DIRECTIONS FOR THIS TASK: Lines from the records below that contain the word "lambda" are to be copied out.

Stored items
________________

(* Let $X_1,X_2,\ldots$ be i.i.d. Rademacher random variables ($\mathbb{P}(X_i=1)=\mathbb{P}(X_i=-1)=1/2$), $S_0=0$, and $S_i=S_{i-1}+X_i$ (the simple symmetric random walk). Let $\alpha\ge1$ and $1/\beta=(\alpha-1)/\alpha$. For $i\ge1$ and $x\in\mathrm{supp}(S_{i-1})$, $$2^{\frac1\beta\left(-1+i\left(1-h_2\left(\frac{i+1}{2i}\right)\right)+\frac12\log_2\left(\frac\pi2\cdot\frac{i^2-1}{i}\right)\right)}\le H_\alpha^{1/\alpha}\left(\mathcal{P}_{S_i|S_{i-1}=x}\,\middle\|\,\mathcal{P}_{S_i}\right)\le 2^{\frac{i}{\beta}-1+\frac1\alpha},$$ where $h_2(x)=-x\log_2x-(1-x)\log_2(1-x)$ is the binary entropy. Consequently, for $n\ge2$, $$\frac{n-2}{4\beta}\le\log_2 H_\alpha^{1/\alpha}\left(\mathcal{P}_{S^n}\,\middle\|\,\mathcal{P}_{\bigotimes_{j=1}^n S_j}\right)\le\frac{n(n-1)}{2\beta}.$$
   Context: For probability measures $\nu\ll\mu$, $H_\alpha(\nu\|\mu)=\int(d\nu/d\mu)^\alpha d\mu$. $\mathcal{P}_{S^n}$ is the joint law of $(S_1,\ldots,S_n)$, $\mathcal{P}_{S_i}$ the law of $S_i$, $\mathcal{P}_{S_i|S_{i-1}=x}$ the conditional law of $S_i$ given $S_{i-1}=x$, and $\mathcal{P}_{\bigotimes_{j=1}^n S_j}$ the product of the marginal laws of $S_1,\ldots,S_n$. *)

theory Defs
  imports "HOL-Probability.Probability"
begin

definition rademacher :: "int pmf" where
  "rademacher = pmf_of_set {-1, 1}"

text \<open>Joint law of the i.i.d. steps; index k < n stands for X_(k+1).\<close>
definition steps :: "nat \<Rightarrow> (nat \<Rightarrow> int) pmf" where
  "steps n = Pi_pmf {..<n} 0 (\<lambda>_. rademacher)"

definition walk :: "(nat \<Rightarrow> int) \<Rightarrow> nat \<Rightarrow> int" where
  "walk X j = (\<Sum>k<j. X k)"

definition S_law :: "nat \<Rightarrow> int pmf" where
  "S_law i = map_pmf (\<lambda>X. walk X i) (steps i)"

definition cond_step_law :: "nat \<Rightarrow> int \<Rightarrow> int pmf" where
  "cond_step_law i x =
     map_pmf snd (cond_pmf (map_pmf (\<lambda>X. (walk X (i - 1), walk X i)) (steps i)) {p. fst p = x})"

________________

ANSWER SECTION:
  "steps n = Pi_pmf {..<n} 0 (\<lambda>_. rademacher)"
  "S_law i = map_pmf (\<lambda>X. walk X i) (steps i)"
     map_pmf snd (cond_pmf (map_pmf (\<lambda>X. (walk X (i - 1), walk X i)) (steps i)) {p. fst p = x})"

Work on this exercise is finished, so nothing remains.